■ TASK MATERIAL

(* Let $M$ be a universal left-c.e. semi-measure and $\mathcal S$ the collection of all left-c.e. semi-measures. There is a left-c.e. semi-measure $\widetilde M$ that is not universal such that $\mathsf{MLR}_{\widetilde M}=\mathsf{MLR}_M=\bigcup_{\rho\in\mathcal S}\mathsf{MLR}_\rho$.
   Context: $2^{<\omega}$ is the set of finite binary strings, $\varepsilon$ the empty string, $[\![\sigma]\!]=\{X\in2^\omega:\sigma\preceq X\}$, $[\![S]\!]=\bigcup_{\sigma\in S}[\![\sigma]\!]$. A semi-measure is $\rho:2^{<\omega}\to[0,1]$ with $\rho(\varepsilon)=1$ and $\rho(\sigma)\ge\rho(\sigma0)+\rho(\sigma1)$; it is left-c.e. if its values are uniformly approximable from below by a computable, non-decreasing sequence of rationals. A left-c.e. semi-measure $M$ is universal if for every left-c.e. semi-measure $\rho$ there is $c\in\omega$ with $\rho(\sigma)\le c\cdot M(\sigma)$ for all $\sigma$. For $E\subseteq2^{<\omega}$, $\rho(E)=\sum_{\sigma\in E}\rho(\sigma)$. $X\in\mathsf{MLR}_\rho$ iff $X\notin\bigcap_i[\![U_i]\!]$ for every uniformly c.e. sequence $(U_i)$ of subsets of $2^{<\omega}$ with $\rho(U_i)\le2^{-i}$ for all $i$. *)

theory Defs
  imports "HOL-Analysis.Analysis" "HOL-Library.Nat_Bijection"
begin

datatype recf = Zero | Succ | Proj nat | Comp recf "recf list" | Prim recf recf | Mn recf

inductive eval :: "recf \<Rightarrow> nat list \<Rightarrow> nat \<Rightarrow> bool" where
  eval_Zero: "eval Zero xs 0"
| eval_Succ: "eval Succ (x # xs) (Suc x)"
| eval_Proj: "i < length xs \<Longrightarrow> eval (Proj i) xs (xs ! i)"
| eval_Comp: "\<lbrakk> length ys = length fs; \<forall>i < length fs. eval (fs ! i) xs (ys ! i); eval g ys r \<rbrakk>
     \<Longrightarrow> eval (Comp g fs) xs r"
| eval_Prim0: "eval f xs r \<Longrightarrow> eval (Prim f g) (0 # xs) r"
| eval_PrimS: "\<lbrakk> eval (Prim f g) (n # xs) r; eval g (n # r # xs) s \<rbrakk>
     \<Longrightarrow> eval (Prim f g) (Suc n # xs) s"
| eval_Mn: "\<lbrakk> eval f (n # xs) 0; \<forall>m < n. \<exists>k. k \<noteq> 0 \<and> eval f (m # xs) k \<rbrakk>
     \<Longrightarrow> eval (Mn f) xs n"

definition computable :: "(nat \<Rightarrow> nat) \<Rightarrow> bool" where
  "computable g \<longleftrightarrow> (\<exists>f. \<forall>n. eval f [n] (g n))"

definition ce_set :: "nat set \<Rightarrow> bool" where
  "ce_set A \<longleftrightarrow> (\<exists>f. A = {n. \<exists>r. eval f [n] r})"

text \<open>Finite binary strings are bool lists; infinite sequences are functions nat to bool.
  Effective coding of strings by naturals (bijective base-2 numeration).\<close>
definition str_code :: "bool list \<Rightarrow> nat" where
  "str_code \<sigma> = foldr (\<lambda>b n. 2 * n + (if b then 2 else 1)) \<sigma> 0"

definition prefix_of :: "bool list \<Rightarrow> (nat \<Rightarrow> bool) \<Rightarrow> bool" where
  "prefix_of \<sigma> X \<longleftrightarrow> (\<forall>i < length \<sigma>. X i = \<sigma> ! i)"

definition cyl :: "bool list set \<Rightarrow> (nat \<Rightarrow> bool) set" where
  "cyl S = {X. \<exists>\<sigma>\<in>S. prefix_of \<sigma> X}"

--

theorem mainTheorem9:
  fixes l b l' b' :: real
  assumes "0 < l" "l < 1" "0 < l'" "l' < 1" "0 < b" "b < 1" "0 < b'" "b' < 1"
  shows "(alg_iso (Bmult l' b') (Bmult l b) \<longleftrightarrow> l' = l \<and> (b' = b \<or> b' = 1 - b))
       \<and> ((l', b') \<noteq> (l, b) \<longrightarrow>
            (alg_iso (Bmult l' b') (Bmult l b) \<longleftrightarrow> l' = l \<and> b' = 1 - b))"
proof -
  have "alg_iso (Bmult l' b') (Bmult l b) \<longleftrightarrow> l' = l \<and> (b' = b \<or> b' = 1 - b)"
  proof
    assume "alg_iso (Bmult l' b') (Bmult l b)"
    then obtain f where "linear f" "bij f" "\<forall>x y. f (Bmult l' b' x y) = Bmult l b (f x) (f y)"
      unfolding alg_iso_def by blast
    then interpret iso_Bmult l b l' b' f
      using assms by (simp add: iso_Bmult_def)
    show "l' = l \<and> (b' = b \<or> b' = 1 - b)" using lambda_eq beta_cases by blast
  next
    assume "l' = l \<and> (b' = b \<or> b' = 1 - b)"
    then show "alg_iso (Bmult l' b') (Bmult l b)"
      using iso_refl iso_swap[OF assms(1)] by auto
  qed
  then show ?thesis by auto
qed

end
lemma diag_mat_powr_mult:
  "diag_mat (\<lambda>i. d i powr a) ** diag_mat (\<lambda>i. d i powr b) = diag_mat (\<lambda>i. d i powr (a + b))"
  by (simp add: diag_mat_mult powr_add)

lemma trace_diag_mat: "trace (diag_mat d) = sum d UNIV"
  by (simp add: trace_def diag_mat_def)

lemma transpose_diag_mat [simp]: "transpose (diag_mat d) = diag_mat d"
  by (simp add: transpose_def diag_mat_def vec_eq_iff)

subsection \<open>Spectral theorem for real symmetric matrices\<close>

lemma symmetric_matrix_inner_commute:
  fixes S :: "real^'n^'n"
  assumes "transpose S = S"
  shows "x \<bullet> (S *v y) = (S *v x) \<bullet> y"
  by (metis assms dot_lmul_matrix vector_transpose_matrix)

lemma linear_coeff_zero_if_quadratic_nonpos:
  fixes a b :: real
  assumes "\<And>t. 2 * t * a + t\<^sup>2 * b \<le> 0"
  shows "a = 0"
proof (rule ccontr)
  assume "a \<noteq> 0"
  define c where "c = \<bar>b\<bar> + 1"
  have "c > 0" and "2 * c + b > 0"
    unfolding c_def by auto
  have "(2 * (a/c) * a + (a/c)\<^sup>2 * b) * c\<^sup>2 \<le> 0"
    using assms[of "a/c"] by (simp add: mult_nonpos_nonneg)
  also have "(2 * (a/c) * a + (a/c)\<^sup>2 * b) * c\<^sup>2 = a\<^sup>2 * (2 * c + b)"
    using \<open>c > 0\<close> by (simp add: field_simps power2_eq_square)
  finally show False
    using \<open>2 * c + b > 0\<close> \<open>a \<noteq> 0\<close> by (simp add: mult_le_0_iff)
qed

■ TASK OBJECTIVE
Taking the entries above, print exactly the lines starting at the line with "A \<longleftrightarrow> (\<exists>f." and ending at the line with "list \<Rightarrow> (nat", both included.

■ YOUR RESPONSE
  "ce_set A \<longleftrightarrow> (\<exists>f. A = {n. \<exists>r. eval f [n] r})"

text \<open>Finite binary strings are bool lists; infinite sequences are functions nat to bool.
  Effective coding of strings by naturals (bijective base-2 numeration).\<close>
definition str_code :: "bool list \<Rightarrow> nat" where
  "str_code \<sigma> = foldr (\<lambda>b n. 2 * n + (if b then 2 else 1)) \<sigma> 0"

definition prefix_of :: "bool list \<Rightarrow> (nat \<Rightarrow> bool) \<Rightarrow> bool" where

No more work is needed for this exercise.